No good Deeds go unnoticed. Recognizing the accomplishments of Colonel Edward Andrew Deeds.

A Lifetime of Ingenuity: Edward A. Deeds

Nearly 60 years after his death, Edward A. Deeds accomplishments are still relevant. An inventor, engineer, and industrialist, Deeds made an impact in several areas.

Born March 12, 1874 in Granville, OH, Deeds was valedictorian of his graduating class at Dennison University.  Deeds moved to Dayton in 1898 to work as an electrical engineer.  The following year, he was invited to join National Cash Register (NCR) by Frank Jefferson Patterson (brother of John Henry Patterson).

Deeds hired Charles Kettering to finalize the electric cash register prototype giving birth to one of the most successful partnerships and friendships in Dayton history.

While Deeds came up with the idea, he needed Kettering’s help to put all the working parts together.
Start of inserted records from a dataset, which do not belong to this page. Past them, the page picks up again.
lemma abs_add_powr_le_convex:
  fixes x y a b r :: real
  assumes r: "1 \<le> r" and ab: "0 < a" "0 < b"
  shows "\<bar>x + y\<bar> powr r
    \<le> (a + b) powr r * (a / (a + b) * (\<bar>x\<bar> / a) powr r + b / (a + b) * (\<bar>y\<bar> / b) powr r)"
proof -
  define t where "t = a / (a + b)"
  have t: "0 \<le> t" "t \<le> 1" "1 - t = b / (a + b)"
    using ab by (auto simp: t_def field_simps)
  have "t * (\<bar>x\<bar> / a) + (1 - t) * (\<bar>y\<bar> / b) = (\<bar>x\<bar> + \<bar>y\<bar>) / (a + b)"
    using ab unfolding t(3) by (simp add: t_def add_divide_distrib)
  then have "\<bar>x\<bar> + \<bar>y\<bar> = (a + b) * (t * (\<bar>x\<bar> / a) + (1 - t) * (\<bar>y\<bar> / b))"
    using ab by simp
  then have "\<bar>x + y\<bar> powr r \<le> ((a + b) * (t * (\<bar>x\<bar> / a) + (1 - t) * (\<bar>y\<bar> / b))) powr r"
    using r abs_triangle_ineq[of x y] by (intro powr_mono2) auto
  also have "\<dots> = (a + b) powr r * (t * (\<bar>x\<bar> / a) + (1 - t) * (\<bar>y\<bar> / b)) powr r"
    using ab t by (simp add: powr_mult)
  also have "(t * (\<bar>x\<bar> / a) + (1 - t) * (\<bar>y\<bar> / b)) powr r
      \<le> t * (\<bar>x\<bar> / a) powr r + (1 - t) * (\<bar>y\<bar> / b) powr r"
    using ab t r by (intro convex_comb_powr_le) auto
  finally show ?thesis
    using ab unfolding t_def[symmetric] t(3)[symmetric] by (simp add: mult_left_mono)
qed

lemma powr_le_tangent_at_1:
  fixes y \<theta> :: real
  assumes "0 < \<theta>" "\<theta> \<le> 1" "0 \<le> y"
  shows "y powr \<theta> \<le> \<theta> * y + (1 - \<theta>)"
  using Youngs_inequality_0[of \<theta> "1 - \<theta>" y 1] assms by (cases "y = 0") auto

lemma moment_nonneg: "0 \<le> (\<integral>x. \<bar>f x :: real\<bar> powr r \<partial>M)"
  by (rule integral_nonneg_AE) simp

lemma lpnorm_nonneg: "0 \<le> lpnorm M r f"
  by (simp add: lpnorm_def)

lemma lpnorm_le_if_moment_le:
  assumes "0 < r" "(\<integral>x. \<bar>f x\<bar> powr r \<partial>M) \<le> K"
  shows "lpnorm M r f \<le> K powr (1 / r)"
  unfolding lpnorm_def using assms moment_nonneg by (intro powr_mono2) auto

lemma AE_zero_if_moment_zero:
  assumes "0 < r" "memLp M r f" "(\<integral>x. \<bar>f x\<bar> powr r \<partial>M) = 0"
  shows "AE x in M. f x = 0"
proof -
  have "AE x in M. \<bar>f x\<bar> powr r = 0"
    using assms unfolding memLp_def by (subst integral_nonneg_eq_0_iff_AE[symmetric]) auto
  then show ?thesis
    by eventually_elim simp
qed

lemma lpnorm_cong_AE:
  assumes "f \<in> borel_measurable M" "g \<in> borel_measurable M" "AE x in M. f x = g x"
  shows "lpnorm M r f = lpnorm M r g"
  unfolding lpnorm_def using assms by (intro arg_cong[where f = "\<lambda>x. x powr (1 / r)"] integral_cong_AE) auto

lemma lpnorm_uminus: "lpnorm M r (\<lambda>x. - f x) = lpnorm M r f"
  by (simp add: lpnorm_def)

lemma memLp_uminus: "memLp M r f \<Longrightarrow> memLp M r (\<lambda>x. - f x)"
  by (simp add: memLp_def)

lemma memLp_add:
  fixes f g :: "'a \<Rightarrow> real"
  assumes "0 < r" and f: "memLp M r f" and g: "memLp M r g"
  shows "memLp M r (\<lambda>x. f x + g x)"
proof -
  have meas: "(\<lambda>x. f x + g x) \<in> borel_measurable M"
    using f g by (auto simp: memLp_def)
  have "integrable M (\<lambda>x. 2 powr r * (\<bar>f x\<bar> powr r + \<bar>g x\<bar> powr r))"
    using f g by (auto simp: memLp_def)
  then have "integrable M (\<lambda>x. \<bar>f x + g x\<bar> powr r)"
    by (rule Bochner_Integration.integrable_bound)
       (use meas abs_add_powr_le[OF \<open>0 < r\<close>] in auto)
  with meas show ?thesis
    by (simp add: memLp_def)
qed

lemma memLp_diff:
  "0 < r \<Longrightarrow> memLp M r f \<Longrightarrow> memLp M r g \<Longrightarrow> memLp M r (\<lambda>x. f x - g x)"
  using memLp_add[of r M f "\<lambda>x. - g x"] memLp_uminus[of M r g] by simp

lemma memLp_mult:
  fixes f g :: "'a \<Rightarrow> real"
  assumes f: "memLp M (2 * r) f" and g: "memLp M (2 * r) g"
  shows "memLp M r (\<lambda>x. f x * g x)"
proof -
  have meas: "(\<lambda>x. f x * g x) \<in> borel_measurable M"
    using f g by (auto simp: memLp_def)
  have "integrable M (\<lambda>x. (\<bar>f x\<bar> powr (2 * r) + \<bar>g x\<bar> powr (2 * r)) / 2)"
    using f g by (auto simp: memLp_def)
  then have "integrable M (\<lambda>x. \<bar>f x * g x\<bar> powr r)"
    by (rule Bochner_Integration.integrable_bound)
       (use meas abs_mult_powr_le_scaled[of 1 1] in \<open>auto intro: order_trans\<close>)
  with meas show ?thesis
    by (simp add: memLp_def)
qed

lemma lpnorm_add_le:
  fixes f g :: "'a \<Rightarrow> real"
  assumes r: "1 \<le> r" and f: "memLp M r f" and g: "memLp M r g"
  shows "lpnorm M r (\<lambda>x. f x + g x) \<le> lpnorm M r f + lpnorm M r g"
proof -
  define A where "A = (\<integral>x. \<bar>f x\<bar> powr r \<partial>M)"
  define B where "B = (\<integral>x. \<bar>g x\<bar> powr r \<partial>M)"
  have meas: "f \<in> borel_measurable M" "g \<in> borel_measurable M"
    using f g by (auto simp: memLp_def)
  consider "A = 0" | "B = 0" | "0 < A" "0 < B"
    using moment_nonneg[where f=f and r=r and M=M] moment_nonneg[where f=g and r=r and M=M] unfolding A_def B_def by linarith
  then show ?thesis
  proof cases
    case 1
    then have "AE x in M. f x + g x = g x"
      using AE_zero_if_moment_zero[of r M f] r f by (auto simp: A_def)
    then show ?thesis
      using meas lpnorm_cong_AE[of "\<lambda>x. f x + g x" M g r] lpnorm_nonneg[of M r f] by simp
  next
    case 2
    then have "AE x in M. f x + g x = f x"
      using AE_zero_if_moment_zero[of r M g] r g by (auto simp: B_def)
    then show ?thesis
      using meas lpnorm_cong_AE[of "\<lambda>x. f x + g x" M f r] lpnorm_nonneg[of M r g] by simp
  next
    case 3
    define a where "a = A powr (1 / r)"
    define b where "b = B powr (1 / r)"
    have ab: "0 < a" "0 < b" "a powr r = A" "b powr r = B"
      using 3 r by (auto simp: a_def b_def powr_powr)
    have pointwise: "\<bar>f x + g x\<bar> powr r
        \<le> (a + b) powr r * (a / (a + b) * (\<bar>f x\<bar> powr r / A) + b / (a + b) * (\<bar>g x\<bar> powr r / B))" for x
      using abs_add_powr_le_convex[OF r ab(1,2), of "f x" "g x"] ab by (simp add: powr_divide)
    have "(\<integral>x. \<bar>f x + g x\<bar> powr r \<partial>M)
        \<le> (\<integral>x. (a + b) powr r * (a / (a + b) * (\<bar>f x\<bar> powr r / A) + b / (a + b) * (\<bar>g x\<bar> powr r / B)) \<partial>M)"
      using memLp_add[of r M f g] r f g pointwise by (intro integral_mono) (auto simp: memLp_def)
    also have "\<dots> = (a + b) powr r"
      using f g 3 ab by (simp add: memLp_def A_def B_def add_divide_distrib[symmetric])
    finally have "lpnorm M r (\<lambda>x. f x + g x) \<le> ((a + b) powr r) powr (1 / r)"
      using r by (intro lpnorm_le_if_moment_le) auto
    also have "\<dots> = lpnorm M r f + lpnorm M r g"
      using ab r by (simp add: powr_powr lpnorm_def a_def b_def A_def B_def)
    finally show ?thesis .
  qed
qed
The two worked nights and weekends in a barn behind Deeds’ house on an electric automobile starter. Kettering eventually resigned from NCR to devote all his time to the electric starter project. It paid off when the Cadillac Company ordered 5,000 units, and in 1909, Dayton Engineering Laboratories Company (DELCO) was formed. Deeds also left NCR in 1915 to focus on DELCO. Only a year later, they sold DELCO to United Motors (General Motors) for $9 million.

Kettering and Deeds also started the Engineers Club of Dayton together in 1914. The club’s building, on Monument Avenue, is listed on the National Register of Historic Places. In 1918, Deeds was a founding member of the Dayton Astronomical Society, the first formally organized group of amateur astronomers in the Dayton area.

After Dayton was destroyed by the Great Flood of 1913, the Conservancy District was formed to ensure the area never be destroyed by such a flood again. Deeds was the director and helped develop the dam system, still currently in use.

Deeds also established the Dayton-Wright Airplane Company along with Orville Wright. The company produced some of the aircraft used in World War I, including the DH.4 Bomber. Deeds joined the Army as a colonel and served as Chief of Aircraft Production, where he directed Army aircraft research at McCook Field/Wilbur Wright Field, the precursor to Wright Patterson Airforce Base. Deeds held the distinction of being the first person in the United States to have a private airstrip at his home, Moraine Farm.

Deeds returned to a failing NCR in 1931 and righted the ship. He retired as Chairman from NCR in 1957, passed away three years later on July 1, 1960, at 86, and is buried at Woodland Cemetery.

Deeds is memorialized at Deed’s Carillon Tower at Carillon Historical Park. Funded by his wife, Edith, the bell tower was built in 1942 to commemorate the Deeds family. With 57 bells, the Carillon is the largest in the state of Ohio.